→ Records shown
(* For all integers $u,v\ge1$, with $u!=(u,u-1,\ldots,2,1)$ ($0!=\emptyset$) and all universal characters evaluated at $(x,y)$, $$S_{[(u+1)!,(v+1)!]}S_{[(u-1)!,(v-1)!]}-S_{[(u+1)!,(v-1)!]}S_{[(u-1)!,(v+1)!]}+S_{[u!,v!]}^2=0,$$ $$S_{[(u+1)!,(v-1)!]}S_{[(u-1)!,(v+1)!]}-S_{[u!,(v+2,v-1,\ldots,1)]}S_{[(u+2,u-1,\ldots,1),v!]}+S_{[(u+2,u-1,\ldots,1),(v+2,v-1,\ldots,1)]}S_{[u!,v!]}=0.$$
   Context: For $x=(x_1,x_2,\dots)$ define $p_k(x)$ by $\sum_{k\ge0}p_k(x)z^k=\exp(\sum_{k\ge1}x_kz^k)$ and $p_{-k}=0$ for $k>0$; $q_k(y)$ is the same with $y=(y_1,y_2,\dots)$ in place of $x$. For partitions $\lambda=(\lambda_1,\dots,\lambda_l)$, $\mu=(\mu_1,\dots,\mu_{l'})$, the universal character is $S_{[\lambda,\mu]}(x,y)=\det(a_{ij})_{1\le i,j\le l+l'}$ with $a_{ij}=q_{\mu_{l'-i+1}+i-j}(y)$ for $1\le i\le l'$ and $a_{ij}=p_{\lambda_{i-l'}-i+j}(x)$ for $l'+1\le i\le l+l'$. *)

theory Defs
  imports "HOL-Computational_Algebra.Formal_Power_Series" "Jordan_Normal_Form.Determinant"
begin

text \<open>x = (x_1, x_2, ...) is represented by a function nat => 'a; the value x 0 is ignored.
  The generating series sum_{k>=1} x_k z^k as a formal power series.\<close>
definition gen_series :: "(nat \<Rightarrow> 'a::field_char_0) \<Rightarrow> 'a fps" where
  "gen_series x = Abs_fps (\<lambda>k. if k = 0 then 0 else x k)"

definition schur_p :: "(nat \<Rightarrow> 'a::field_char_0) \<Rightarrow> int \<Rightarrow> 'a" where
  "schur_p x k = (if k < 0 then 0 else fps_nth (fps_exp 1 oo gen_series x) (nat k))"

text \<open>Universal character S_[lambda,mu](x,y), partitions given as lists (weakly decreasing),
  matrix indices 0-based (i0 = i-1, j0 = j-1).\<close>
definition univ_char :: "nat list \<Rightarrow> nat list \<Rightarrow> (nat \<Rightarrow> 'a::field_char_0) \<Rightarrow> (nat \<Rightarrow> 'a) \<Rightarrow> 'a" where
  "univ_char lam mu x y =
     (let l = length lam; l' = length mu in
      det (mat (l + l') (l + l')
        (\<lambda>(i, j). if i < l'
                  then schur_p y (int (mu ! (l' - i - 1)) + int i - int j)
                  else schur_p x (int (lam ! (i - l')) - int i + int j))))"

definition stair :: "nat \<Rightarrow> nat list" where
  "stair u = rev [1..<u+1]"

definition stair2 :: "nat \<Rightarrow> nat list" where
  "stair2 u = (u + 2) # rev [1..<u]"

end

theory Submission
  imports Defs
begin

(* Both identities are three-term Plucker relations
     D(a,b,X) D(c,d,X) - D(a,c,X) D(b,d,X) + D(a,d,X) D(b,c,X) = 0
   between determinants that share all rows X but two.  Writing S[u!,v!] as the determinant
   with rows q_{2i+1-j}(y) (i < v) and p_{u-v-2k+j}(x) (k < u), every character in the second
   identity is such a determinant with X the rows common to all six shapes, after moving two rows
   to the front.  In the first identity the sizes differ by two; the smaller determinants are
   bordered with the unit rows e_0 = (q_{-j}(y))_j and e_N = (p_{j-N}(x))_j, which leaves them
   unchanged, so that it becomes a Plucker relation as well (the Desnanot-Jacobi identity). *)

section \<open>Determinants of lists of rows\<close>

definition det_rows :: "(nat \<Rightarrow> 'a::comm_ring_1) list \<Rightarrow> 'a" where
  "det_rows rs = det (mat (length rs) (length rs) (\<lambda>(i, j). (rs ! i) j))"

lemma det_rows_cong:
  assumes "length rs = length ss" "\<And>i j. i < length rs \<Longrightarrow> j < length rs \<Longrightarrow> (rs ! i) j = (ss ! i) j"
  shows "det_rows rs = det_rows ss"
  unfolding det_rows_def using assms by (intro arg_cong[where f = det] eq_matI) auto

lemma det_rows_swap: "det_rows (xs @ a # b # ys) = - det_rows (xs @ b # a # ys)"
proof -
  let ?n = "length (xs @ a # b # ys)"
  have "mat ?n ?n (\<lambda>(i, j). ((xs @ b # a # ys) ! i) j) =
        swaprows (length xs) (Suc (length xs)) (mat ?n ?n (\<lambda>(i, j). ((xs @ a # b # ys) ! i) j))"
    by (rule eq_matI) (auto simp: nth_append nth_Cons split: nat.splits)
  then show ?thesis
    unfolding det_rows_def by (simp, subst det_swaprows[where n = ?n]) auto
qed

lemma det_rows_move_to_front: "det_rows (xs @ r # ys) = (-1) ^ length xs * det_rows (r # xs @ ys)"
proof (induction xs arbitrary: ys rule: rev_induct)
  case (snoc x xs)
  have "det_rows ((xs @ [x]) @ r # ys) = - det_rows (xs @ r # x # ys)"
    using det_rows_swap[of xs r x ys] by simp
  also have "\<dots> = - ((-1) ^ length xs * det_rows (r # xs @ x # ys))"
    using snoc by simp
  finally show ?case by simp
qed simp

lemma det_rows_pair_to_front: "det_rows (xs @ r1 # r2 # ys) = det_rows (r1 # r2 # xs @ ys)"
proof -
  have "det_rows (xs @ r1 # r2 # ys) = (-1) ^ length xs * det_rows ((r1 # xs) @ r2 # ys)"
    by (simp add: det_rows_move_to_front)
  also have "\<dots> = (-1) ^ length xs * (-1) ^ Suc (length xs) * det_rows (r2 # r1 # xs @ ys)"
    by (simp only: det_rows_move_to_front length_Cons) simp
  also have "det_rows (r2 # r1 # xs @ ys) = - det_rows (r1 # r2 # xs @ ys)"
    using det_rows_swap[of "[]" r2 r1 "xs @ ys"] by simp
  finally show ?thesis by simp
qed

lemma det_rows_move_with_last_to_front:
  "det_rows (ys @ r # zs @ [d]) = (-1) ^ length zs * det_rows (r # d # ys @ zs)"
proof -
  have "det_rows ((ys @ r # zs) @ [d]) = (-1) ^ (length ys + Suc (length zs)) * det_rows ((d # ys) @ r # zs)"
    using det_rows_move_to_front[of "ys @ r # zs" d "[]"] by simp
  also have "det_rows ((d # ys) @ r # zs) = (-1) ^ Suc (length ys) * det_rows (r # d # ys @ zs)"
    using det_rows_move_to_front[of "d # ys" r zs] by simp
  finally show ?thesis
    by (simp add: power_add algebra_simps)
qed

lemma det_rows_repeated_row:
  assumes "i < length rs" "j < length rs" "i \<noteq> j" "rs ! i = rs ! j"
  shows "det_rows rs = 0"
  unfolding det_rows_def
  by (rule det_identical_rows[of _ "length rs" i j]) (use assms in \<open>auto\<close>)

definition delete_col :: "nat \<Rightarrow> (nat \<Rightarrow> 'a) \<Rightarrow> nat \<Rightarrow> 'a" where
  "delete_col j r = (\<lambda>k. r (if k < j then k else Suc k))"

lemma delete_col_0 [simp]: "delete_col 0 = (\<lambda>r k. r (Suc k))"
  by (simp add: delete_col_def fun_eq_iff)

lemma det_rows_delete_row_col:
  assumes "i < length rs" "j < length rs"
  shows "det (mat_delete (mat (length rs) (length rs) (\<lambda>(i, j). (rs ! i) j)) i j)
       = det_rows (map (delete_col j) (take i rs @ drop (Suc i) rs))"
  unfolding det_rows_def using assms
  by (intro arg_cong[where f = det] eq_matI) (auto simp: mat_delete_def delete_col_def nth_append min_def)

lemma det_rows_Cons_expansion:
  "det_rows (r # rs) = (\<Sum>j<Suc (length rs). (-1) ^ j * r j * det_rows (map (delete_col j) rs))"
proof -
  let ?M = "mat (Suc (length rs)) (Suc (length rs)) (\<lambda>(i, j). ((r # rs) ! i) j)"
  have "det_rows (r # rs) = (\<Sum>j<Suc (length rs). ?M $$ (0, j) * cofactor ?M 0 j)"
    unfolding det_rows_def by (simp add: laplace_expansion_row[of ?M "Suc (length rs)" 0])
  also have "\<dots> = (\<Sum>j<Suc (length rs). (-1) ^ j * r j * det_rows (map (delete_col j) rs))"
    using det_rows_delete_row_col[of 0 "r # rs"] by (intro sum.cong) (auto simp: cofactor_def)
  finally show ?thesis .
qed

lemma det_rows_unit_first:
  assumes "r 0 = 1" "\<And>j. 0 < j \<Longrightarrow> r j = 0"
  shows "det_rows (r # rs) = det_rows (map (\<lambda>s k. s (Suc k)) rs)"
proof -
  have "det_rows (r # rs) = (\<Sum>j<Suc (length rs). (-1) ^ j * r j * det_rows (map (delete_col j) rs))"
    by (rule det_rows_Cons_expansion)
  also have "\<dots> = det_rows (map (delete_col 0) rs)"
    using assms by (subst sum.lessThan_Suc_shift) simp
  finally show ?thesis by simp
qed

lemma det_rows_unit_last:
  assumes "r (length rs) = 1" "\<And>j. j < length rs \<Longrightarrow> r j = 0"
  shows "det_rows (rs @ [r]) = det_rows rs"
proof -
  let ?n = "length rs"
  have "det_rows (rs @ [r]) = (-1) ^ ?n * det_rows (r # rs)"
    using det_rows_move_to_front[of rs r "[]"] by simp
  also have "det_rows (r # rs) = (\<Sum>j<Suc ?n. (-1) ^ j * r j * det_rows (map (delete_col j) rs))"
    by (rule det_rows_Cons_expansion)
  also have "\<dots> = (-1) ^ ?n * det_rows (map (delete_col ?n) rs)"
    using assms by (simp add: sum.neutral)
  also have "det_rows (map (delete_col ?n) rs) = det_rows rs"
    by (rule det_rows_cong) (auto simp: delete_col_def)
  finally show ?thesis by simp
qed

→ Exercise objective
The answer should consist of all lines from the records above that hold the word "close".

→ Output of the exercise
  The generating series sum_{k>=1} x_k z^k as a formal power series.\<close>
  matrix indices 0-based (i0 = i-1, j0 = j-1).\<close>
section \<open>Determinants of lists of rows\<close>
  by (rule det_identical_rows[of _ "length rs" i j]) (use assms in \<open>auto\<close>)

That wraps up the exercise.